What Is The Ideal Sales Person?
The ideal natural-born salesman has certain traits that I think we can all agree on:
- Gregarious
- Quick thinking
- Smooth talking
- Huge personality
- An outgoing personality
In fact, according to the Dale Carnegie Training of West Virginia, one of the six traits of a successful salesperson is:
..Competitive And Team Driven…there’s no “I” in “team,” …great salespeople not only know this, but they are also fierce competitors who know how to win…After all, the greatest victories are the ones that are shared.
While some great salespeople are like that, some aren’t, and if your core personality is not outgoing. You can’t comfortably work a room, and you’re not especially charismatic; you might think there is no room for you in a sales career.
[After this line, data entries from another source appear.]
lemma nonpos:
  assumes w0: "\<And>A. finite A \<Longrightarrow> A \<subseteq> tree_V N \<Longrightarrow> w 0 A \<le> 0"
    and "s \<ge> 0" "finite A" "A \<subseteq> tree_V N"
  shows "w s A \<le> 0"
proof -
  define \<delta> where "\<delta> = 1 / (4 * (1 + c * real (N + 1)))"
  have "1 + c * real (N + 1) > 0"
    using c_nonneg by (intro add_pos_nonneg mult_nonneg_nonneg) simp_all
  then have \<delta>: "\<delta> > 0" "(1 + c * real (N + 1)) * \<delta> = 1/4"
    unfolding \<delta>_def by simp_all
  have "\<forall>s A. 0 \<le> s \<and> s \<le> real k * \<delta> \<and> finite A \<and> A \<subseteq> tree_V N \<longrightarrow> w s A \<le> 0" for k
  proof (induction k)
    case 0
    then show ?case using w0 by auto
  next
    case (Suc k)
    show ?case
    proof (intro allI impI)
      fix s A assume sA: "0 \<le> s \<and> s \<le> real (Suc k) * \<delta> \<and> finite A \<and> A \<subseteq> tree_V N"
      show "w s A \<le> 0"
      proof (cases "s \<le> real k * \<delta>")
        case True
        then show ?thesis using Suc.IH sA by blast
      next
        case False
        have "(1 + c * real (N + 1)) * (s - real k * \<delta>) \<le> (1 + c * real (N + 1)) * \<delta>"
          using sA c_nonneg by (intro mult_left_mono) (auto simp: algebra_simps)
        then show ?thesis
          using nonpos_on_interval[of "real k * \<delta>" s A] Suc.IH sA False \<delta> by auto
      qed
    qed
  qed
  moreover obtain k :: nat where "s / \<delta> \<le> real k"
    using real_arch_simple by blast
  then have "s \<le> real k * \<delta>"
    using \<delta> by (simp add: divide_le_eq)
  ultimately show ?thesis
    using assms by blast
qed

end

definition vacant :: "nat list set \<Rightarrow> config \<Rightarrow> real" where
  "vacant B \<eta> = of_bool (\<forall>x\<in>B. \<not> \<eta> x)"

lemma cylinder_on_vacant: "finite B \<Longrightarrow> B \<subseteq> tree_V N \<Longrightarrow> cylinder_on N B (vacant B)"
  unfolding cylinder_on_def vacant_def by auto

lemma integral_vacant: "(\<integral>\<eta>. vacant B \<eta> \<partial>M) = measure M {\<eta> \<in> space M. \<forall>x\<in>B. \<not> \<eta> x}"
proof -
  have "(\<integral>\<eta>. vacant B \<eta> \<partial>M) = (\<integral>\<eta>. indicator {\<eta> \<in> space M. \<forall>x\<in>B. \<not> \<eta> x} \<eta> \<partial>M)"
    by (rule Bochner_Integration.integral_cong) (auto simp: vacant_def indicator_def)
  then show ?thesis
    by (simp add: Int_absorb2)
qed

lemma sets_vacant:
  assumes "finite B" "B \<subseteq> tree_V N" "sets M = sets (config_space N)"
  shows "{\<eta> \<in> space M. \<forall>x\<in>B. \<not> \<eta> x} \<in> sets M"
  using sets_config_space_Collect_finite[OF assms(1,2)] assms(3) sets_eq_imp_space_eq[OF assms(3)]
  by simp

lemma flip_vacant_site:
  assumes "x \<in> A" and r: "\<not> \<eta> x \<Longrightarrow> r = c * real (card {y \<in> nbrs N x. \<eta> y})"
  shows "r * (vacant A (flip \<eta> x) - vacant A \<eta>) =
    (vacant (A - {x}) \<eta> - vacant A \<eta>) + c * (\<Sum>y\<in>nbrs N x - A. vacant (insert y A) \<eta> - vacant A \<eta>)
    + (r - 1) * of_bool (\<eta> x \<and> (\<forall>z\<in>A - {x}. \<not> \<eta> z))"
proof -
  consider (all) "\<forall>z\<in>A. \<not> \<eta> z" | (occupied) "\<exists>z\<in>A. \<eta> z"
    by blast
  then show ?thesis
  proof cases
    case all
    have "(\<Sum>y\<in>nbrs N x - A. vacant (insert y A) \<eta> - vacant A \<eta>) = (\<Sum>y\<in>nbrs N x - A. - of_bool (\<eta> y))"
      using all by (intro sum.cong) (auto simp: vacant_def)
    also have "\<dots> = - real (card ((nbrs N x - A) \<inter> {y. \<eta> y}))"
      using finite_nbrs[of N x] by (simp add: sum_negf)
    also have "(nbrs N x - A) \<inter> {y. \<eta> y} = {y \<in> nbrs N x. \<eta> y}"
      using all by auto
    finally show ?thesis
      using all r \<open>x \<in> A\<close> by (auto simp: vacant_def flip_def)
  next
    case occupied
    define t :: real where "t = of_bool (\<eta> x \<and> (\<forall>z\<in>A - {x}. \<not> \<eta> z))"
    have "(\<Sum>y\<in>nbrs N x - A. vacant (insert y A) \<eta> - vacant A \<eta>) = 0"
      using occupied by (intro sum.neutral) (auto simp: vacant_def)
    moreover have "vacant A \<eta> = 0" "vacant A (flip \<eta> x) = t" "vacant (A - {x}) \<eta> = t"
      using occupied \<open>x \<in> A\<close> by (auto simp: vacant_def flip_def t_def)
    ultimately show ?thesis
      unfolding t_def[symmetric] by (simp add: algebra_simps)
  qed
qed

text \<open>The remainder vanishes when occupied sites flip at rate 1 (duality for the contact
process) and is nonpositive when they flip at rate at most 1 (bias voter model with
\<theta> = 1).\<close>

lemma gen_vacant_eq:
  assumes "\<And>x. x \<in> A \<Longrightarrow> \<not> \<eta> x \<Longrightarrow> r \<eta> x = c * real (card {y \<in> nbrs N x. \<eta> y})"
  shows "gen r A (vacant A) \<eta> = dual_gen N c A (\<lambda>B. vacant B \<eta>)
    + (\<Sum>x\<in>A. (r \<eta> x - 1) * of_bool (\<eta> x \<and> (\<forall>z\<in>A - {x}. \<not> \<eta> z)))"
  unfolding gen_def dual_gen_def
  by (simp add: flip_vacant_site[OF _ assms] sum.distrib sum_distrib_left cong: sum.cong)

lemma gen_cp_vacant:
  "gen (cp_rate N lam) A (vacant A) \<eta> = dual_gen N (lam / real (N + 1)) A (\<lambda>B. vacant B \<eta>)"
  by (subst gen_vacant_eq[where N = N and c = "lam / real (N + 1)"])
    (auto simp: cp_rate_def intro!: sum.neutral)

lemma gen_bv_vacant_le:
  assumes "A \<subseteq> tree_V N"
  shows "gen (bv_rate N lam 1) A (vacant A) \<eta> \<le> dual_gen N (lam / real (N + 1)) A (\<lambda>B. vacant B \<eta>)"
proof -
  have "bv_rate N lam 1 \<eta> x \<le> 1" if "x \<in> A" "\<eta> x" for x
  proof -
    have "card {y \<in> nbrs N x. \<not> \<eta> y} \<le> N + 1"
      using card_mono[OF finite_nbrs[of N x], of "{y \<in> nbrs N x. \<not> \<eta> y}"] card_nbrs_le[of x N]
        that assms by auto
    then show ?thesis
      using \<open>\<eta> x\<close> by (simp add: bv_rate_def field_simps)
  qed
  then have "(\<Sum>x\<in>A. (bv_rate N lam 1 \<eta> x - 1) * of_bool (\<eta> x \<and> (\<forall>z\<in>A - {x}. \<not> \<eta> z))) \<le> 0"
    by (intro sum_nonpos) (simp add: mult_nonpos_nonneg)
  then show ?thesis
    by (subst gen_vacant_eq[where N = N and c = "lam / real (N + 1)"]) (simp_all add: bv_rate_def)
qed

lemma
  fixes g :: "nat list set \<Rightarrow> config \<Rightarrow> real"
  assumes g: "\<And>B. finite B \<Longrightarrow> B \<subseteq> tree_V N \<Longrightarrow> integrable M (g B)"
    and A: "finite A" "A \<subseteq> tree_V N"
  shows integrable_dual_gen: "integrable M (\<lambda>\<eta>. dual_gen N c A (\<lambda>B. g B \<eta>))"
    and integral_dual_gen: "(\<integral>\<eta>. dual_gen N c A (\<lambda>B. g B \<eta>) \<partial>M) = dual_gen N c A (\<lambda>B. \<integral>\<eta>. g B \<eta> \<partial>M)"
proof -
  have ins: "integrable M (g (insert y A))" if "y \<in> nbrs N x" for x y
    using that A nbrs_subset_tree_V by (intro g) auto
  have "integrable M (g A)" "integrable M (g (A - {x}))" for x
    using g A by auto
  note integrable = this ins
  have I1: "integrable M (\<lambda>\<eta>. \<Sum>x\<in>A. g (A - {x}) \<eta> - g A \<eta>)"
    and I2: "integrable M (\<lambda>\<eta>. \<Sum>x\<in>A. \<Sum>y\<in>nbrs N x - A. g (insert y A) \<eta> - g A \<eta>)"
    using integrable by (intro Bochner_Integration.integrable_sum Bochner_Integration.integrable_diff; auto)+
  then show "integrable M (\<lambda>\<eta>. dual_gen N c A (\<lambda>B. g B \<eta>))"
    unfolding dual_gen_def by simp
  have "(\<integral>\<eta>. (\<Sum>x\<in>A. g (A - {x}) \<eta> - g A \<eta>) \<partial>M) = (\<Sum>x\<in>A. (\<integral>\<eta>. g (A - {x}) \<eta> \<partial>M) - (\<integral>\<eta>. g A \<eta> \<partial>M))"
    using integrable by (simp add: Bochner_Integration.integral_sum Bochner_Integration.integral_diff)
  moreover have "(\<integral>\<eta>. (\<Sum>x\<in>A. \<Sum>y\<in>nbrs N x - A. g (insert y A) \<eta> - g A \<eta>) \<partial>M) =
      (\<Sum>x\<in>A. \<Sum>y\<in>nbrs N x - A. (\<integral>\<eta>. g (insert y A) \<eta> \<partial>M) - (\<integral>\<eta>. g A \<eta> \<partial>M))"
  proof -
    have "(\<integral>\<eta>. (\<Sum>x\<in>A. \<Sum>y\<in>nbrs N x - A. g (insert y A) \<eta> - g A \<eta>) \<partial>M) =
        (\<Sum>x\<in>A. \<integral>\<eta>. (\<Sum>y\<in>nbrs N x - A. g (insert y A) \<eta> - g A \<eta>) \<partial>M)"
      using integrable by (intro Bochner_Integration.integral_sum) auto
    also have "\<dots> = (\<Sum>x\<in>A. \<Sum>y\<in>nbrs N x - A. \<integral>\<eta>. g (insert y A) \<eta> - g A \<eta> \<partial>M)"
      using integrable by (intro sum.cong refl Bochner_Integration.integral_sum) auto
    also have "\<dots> = (\<Sum>x\<in>A. \<Sum>y\<in>nbrs N x - A. (\<integral>\<eta>. g (insert y A) \<eta> \<partial>M) - (\<integral>\<eta>. g A \<eta> \<partial>M))"
      using integrable by (intro sum.cong refl Bochner_Integration.integral_diff) auto
    finally show ?thesis .
  qed
  ultimately show "(\<integral>\<eta>. dual_gen N c A (\<lambda>B. g B \<eta>) \<partial>M) = dual_gen N c A (\<lambda>B. \<integral>\<eta>. g B \<eta> \<partial>M)"
    unfolding dual_gen_def using I1 I2 by simp
qed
I have to disagree with that assessment.
Can An Introvert Be A Salesperson?
As Mathew Pollard, author of The Introvert’s Edge: How the Quiet and Shy Can Outsell Anyone, point out in his book:
- Sales is a skill anyone can learn
- Anyone can create a sales process
Pollard believes those facts demonstrate introverts (the personality type that Carl Jung classified in a way that I will paraphrase as “inwardly focused”) may even make the best salespeople.
The world is full of both personality types, and the idea that one is better than the other in any activity is incorrect.
Introverts may, however, be able to examine their process better and find room for improvement than the gregarious, big-personality salesperson can.
While generalized, the natural-born salesperson depends on his personality to make the connection and close the sale. He naturally knows when he has a connection and asks for the sale so smoothly that the prospect starts throwing money at him begging to buy what he’s selling.
Except when it doesn’t work that way. Sometimes things go wrong, and the sale isn’t made. In those cases, the outgoing and charismatic salesperson is often heard saying some variation of the following:
- We couldn’t connect.
- He was a hard nut to crack.
- The customer had unrealistic expectations.
- The customer wasn’t a buyer; he just wanted a brochure (getting a quote/getting information, etc.)
- The customer must have had nothing better to do today; he was just here to waste my time.
Excuses like this tell me that the salesperson needs a defined sales process and may analyze it to discover where things went wrong.
Sell With A Process to Fix What’s Broken
Anyone who knows me or has read any of my writings knows that I believe in a solidified sales process.
If you have a prospect in front of you, the best sales process is:
- Greeting
- Needs Discovery / Rapport Building
- Product Selection
- Demonstration
- Trade Evaluation (If appropriate)
- Price Presentation
- Negotiation
- Close The Sale
Each major step in the sales process has nuances and subsections vital to sales success, such as value building, soft closes, action closes, objection resolution, and others, which are also learned skills.
Using a sales process that you, as a salesperson, can manage helps you know what stage you’re at any time throughout the sale.
Structure Sells
The non-natural-born salesperson needs structure. He needs to understand what’s next. He needs the proverbial roadmap to get to the final destination. And this is great. The sales process gives anyone the ability to sell anything. It gives anyone the ability to understand the why and how of the selling.
Say, for example, that the salesperson can’t connect with the prospect. The beginnings of connecting are found in the greeting and rapport building. A salesperson following a process has the tools to recognize that and find sales one on one training that will help him add more quality rapport-building questions to his repetiteur and skillfully use them with a goal in mind.
If the salesperson is getting to the point where he is presenting the price but is consistently struggling with closing the sale, he needs to work with someone to find where the skill deficiency exists.
Who Is To Blame If You Can’t Sell?
In my experience, someone who considers himself a natural-born salesperson blames the customer if he can’t make the sale. If a salesperson who depends on a process cannot make the sale, he can examine the process, make corrections and approach the next customer with these new skills.
Next Steps
Introverts are, as stereotypes go, often hesitant to get coaching. They are learners, and in my experience try to fix the problem internally. They fear the Tony Robbins or Grant Cardone style of coaching, where they are taught that the extrovert ideal is the only way to be a salesperson.
Please don’t believe it. Find a coach who teaches a process and understands your gifts.